Biotechnology Events


Ionis Pharmaceuticals, Inc.

Partner : Biogen Idec.




Stanley T Crooke, MD, PhD, CEO, gave guidance for the timing of data-reads for three important assets. He stated, "In 2015, we completed a target of three different phase-III studies for three different diseases. We are moving closer to completing two phase-III trials for Nusinersen, our drug to treat infants and children with spinal muscular atrophy. At the same time, we are completing a phase-III study of IONIS-TTRRx in patients with peripheral neuropathy, a form of TTR amyloidosis and we are completing a phase-III trial of Volanesorsen in patients with FCS. We plan to have data from all four of these phase-III studies in the first half of 2017 and so the regulatory preparations and launch planning are well underway for all three of these potentially transformational drugs. As 2015 was an important year for phase-III assets; 2016 and early 2017 will be a pivotal time for these drugs and for Ionis as we and our partners prepare to submit marketing applications and launch these important new medicines."
Source: Q4 2015 earnings conference call, 2/25/16.


Isis Pharmaceuticals Earns $2.15M For Advancing ISIS-SMN Rx in Children with Spinal Muscular Atrophy

CARLSBAD, Calif., July 14, 2015 /PRNewswire/ -- Isis Pharmaceuticals, Inc. (NASDAQ: ISIS) announced today that it has earned a $2.15 million milestone payment from Biogen related to advancing the ongoing pivotal Phase 3 study (CHERISH) evaluating ISIS-SMNRx in children with spinal muscular atrophy (SMA). To date, Isis has generated more than $120 million in payments from Biogen related to the development of ISIS-SMNRx.

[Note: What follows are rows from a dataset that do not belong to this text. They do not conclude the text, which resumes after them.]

text \<open>Once \<open>orbit_upto\<close> stops growing it is closed under the permutation letters,
hence under the group, hence it is all of \<open>Q\<close> by transitivity.\<close>

lemma orbit_upto_grows: "orbit_upto m = Q \<or> m + 1 \<le> card (orbit_upto m)"
proof (induction m)
  case 0
  have "perm_words 0 = {[]}"
    unfolding perm_words_def by auto
  then show ?case
    unfolding orbit_upto_def by simp
next
  case (Suc m)
  have sub: "orbit_upto m \<subseteq> orbit_upto (Suc m)"
    unfolding orbit_upto_def using perm_words_mono[of m "Suc m"] by auto
  show ?case
  proof (cases "orbit_upto m = Q")
    case True
    then show ?thesis
      using sub orbit_upto_subset[of "Suc m"] by auto
  next
    case False
    have "orbit_upto (Suc m) \<noteq> orbit_upto m"
    proof
      assume eq: "orbit_upto (Suc m) = orbit_upto m"
      let ?X = "orbit_upto m"
      have closed: "delta r s \<in> ?X" if "s \<in> perm_letters" "r \<in> ?X" for s r
      proof -
        obtain h where "h \<in> perm_words m" "r = delta_word delta x h"
          using \<open>r \<in> ?X\<close> unfolding orbit_upto_def by auto
        then have "delta r s \<in> orbit_upto (Suc m)"
          unfolding orbit_upto_def using snoc_in_perm_words that(1)
          by (auto simp: delta_word_snoc intro!: image_eqI[where x = "h @ [s]"])
        then show ?thesis
          using eq by simp
      qed
      have "x \<in> ?X"
        unfolding orbit_upto_def perm_words_def by (auto intro: image_eqI[where x = "[]"])
      have "Q \<subseteq> ?X"
      proof
        fix r
        assume "r \<in> Q"
        then obtain g where "g \<in> perm_group_gen Q Sig delta" "g x = r"
          using perm_group_gen_transitive x_in_Q by blast
        then show "r \<in> ?X"
          using perm_group_gen_preserves_relation[of "?X \<times> ?X"] orbit_upto_subset closed \<open>x \<in> ?X\<close>
          by blast
      qed
      then show False
        using False orbit_upto_subset by auto
    qed
    then have "orbit_upto m \<subset> orbit_upto (Suc m)"
      using sub by blast
    then have "card (orbit_upto m) < card (orbit_upto (Suc m))"
      using orbit_upto_subset finite_Q by (meson finite_subset psubset_card_mono)
    then show ?thesis
      using Suc False by simp
  qed
qed

lemma orbit_upto_eq_Q: "orbit_upto (card Q - 1) = Q"
proof -
  have "card Q - 1 + 1 = card Q"
    using card_Q_ge_2 by simp
  then show ?thesis
    using orbit_upto_grows[of "card Q - 1"] orbit_upto_subset finite_Q by (metis card_seteq)
qed

lemma pair_edges_subset: "pair_edges m \<subseteq> Q \<times> Q"
  unfolding pair_edges_def using delta_word_closed x_in_Q y_in_Q perm_words_letters by auto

Isis Pharmaceuticals, Inc.
CHERISH, a Phase 3 study of ISIS-SMNRx, is a randomized, double-blind, sham-procedure controlled fifteen month study in approximately 120 children who are non-ambulatory with SMA between the ages of 2 to 12. The study will evaluate the efficacy and safety of 12 mg doses of ISIS-SMNRx with a primary endpoint of a change in the Hammersmith Functional Motor Scale-Expanded (HFMSE), a validated method to measure changes in muscle function in patients with SMA. Additional efficacy endpoints are also included in the study. For further study information, please visit and search for ISIS-SMNRx or the identifier number NCT02193074 or visit the ISIS-SMNRx study site at
Source: press release, 7/14/15.


Stanley T Crooke, MD, PhD, CEO, gave guidance for data from the ISIS-SMNRx program. He stated, "ISIS-SMNRx remains one of the most important and exciting drugs with which I have had the privilege of being associated. All of us are deeply committed to bringing benefit to patients with SMA. Of course we have a lot more work to do. The phase-III program is progressing nicely toward a 2016 or 2017 completion and data. We also look forward to updating on the results of the phase-II program a little later this year. Certainly as time passes, we remain very encouraged by the performance of ISIS-SMNRx."
Source: Q4 2014 earnings conference call, 2/27/15.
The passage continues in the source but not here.